HOW TO MAKE GREEN BEAN CASSEROLE
This Low Sodium Green Bean Casserole definitely wins by a landslide when you compare it to the classic version with canned beans and canned soup. Aside from the canned fried onions, this low sodium green bean casserole is totally made from scratch (LOVE). I have tried making this recipe with home crispy fried onions but they never come out quite as crispy as the store bought fried onions. That crunch is pretty impressive!!
It comes together so quickly and can be made a day ahead for the most part. When you’re ready to serve, just top it with the onions and pop it in the oven for 20 minutes. It’s just that simple!!

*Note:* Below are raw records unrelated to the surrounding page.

lemma pmf_draw_pmf:
  assumes "\<And>i. i < n \<Longrightarrow> 0 \<le> w i" and "0 < (\<Sum>i<n. w i)" and "k < n"
  shows "pmf (draw_pmf n w) k = w k / (\<Sum>i<n. w i)"
proof -
  define g where "g i = (if i < n then w i / (\<Sum>i'<n. w i') else 0)" for i
  have g_nonneg: "0 \<le> g i" for i
    using assms by (simp add: g_def)
  have "(\<integral>\<^sup>+i. ennreal (g i) \<partial>count_space UNIV) = (\<Sum>i<n. ennreal (g i))"
    by (rule nn_integral_count_space') (auto simp: g_def)
  also have "\<dots> = ennreal (\<Sum>i<n. g i)"
    using g_nonneg by (simp add: sum_ennreal)
  also have "(\<Sum>i<n. g i) = 1"
    using assms(2) by (simp add: g_def sum_divide_distrib[symmetric])
  finally show ?thesis
    unfolding draw_pmf_def g_def[symmetric] using g_nonneg \<open>k < n\<close>
    by (subst pmf_embed_pmf) (auto simp: g_def)
qed

lemma prob_SC_pmf_miss:
  assumes "\<And>i. i < n \<Longrightarrow> 0 \<le> w i" and "k < n"
  shows "measure_pmf.prob (SC_pmf n N w) {S. k \<notin> S} = (1 - w k / (\<Sum>i<n. w i)) ^ N"
proof (cases "0 < (\<Sum>i<n. w i)")
  case True
  have "(\<lambda>d. d ` {..<N}) -` {S. k \<notin> S} = Pi {..<N} (\<lambda>_. - {k})"
    by auto
  moreover have "measure_pmf.prob (draw_pmf n w) (- {k}) = 1 - pmf (draw_pmf n w) k"
    using measure_pmf.prob_compl[of "{k}" "draw_pmf n w"]
    by (simp add: Compl_eq_Diff_UNIV measure_pmf_single)
  ultimately show ?thesis
    using True pmf_draw_pmf[OF assms(1) True assms(2)]
    by (simp add: SC_pmf_def measure_Pi_pmf_Pi)
next
  case False
  then have "(\<Sum>i<n. w i) = 0"
    using assms(1) by (meson sum_nonneg lessThan_iff order.antisym not_less)
  with False show ?thesis by (simp add: SC_pmf_def)
qed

I hope this tasty dish makes it to your table next week. You certainly won’t be disappointed!! I’ll actually be back again next week to share another yummy recipe for Thanksgiving Punch that I’m sure you’ll enjoy as well during the holiday weekend! Say Grace and enjoy!!
Low Sodium Green Bean Casserole
- 2 T kosher salt
- 1 and 1/3 pound fresh green beans ends trimmed and snapped in half
- 2 T butter
- 12 ounces mixed bella, shitake, oyster mushrooms sliced
- 1/2 tsp black pepper
- 1/2 tsp cajun seasoning
- 1 tsp kosher
- 2 garlic cloves minced
- 1/4 tsp ground nutmeg
- 2 T flour
- 1 c chicken broth
- 1 c half-and-half
- 1 1/2 c crispy fried onions divided
- Bring a large pot of water (about 2 quarts) to a boil with 2 T. kosher salt (large flake). Add the beans and boil for 5 minutes. Drain in a colander and place beans in a large bowl of ice water. Drain and set aside.
- Melt the butter in a cast iron skillet over medium-high heat. Add the mushrooms, 1 teaspoon salt and pepper and cook the mushrooms for about 5 minutes. Add the garlic, nutmeg, cajun seasoning and continue to cook for another couple minutes.
- Add the flour and stir to combine. Cook for about a minute. Add the broth and simmer for a minute. Decrease the heat to medium-low and add the half-and-half. Cook until the mixture thickens and coats the back of a spoon.
- Remove from the heat and stir in 1/2 cup of the onions and the green beans. Top with the remaining cup of onions. Place in a 400 degree oven and bake for about 20 minutes. Say Grace and enjoy immediately!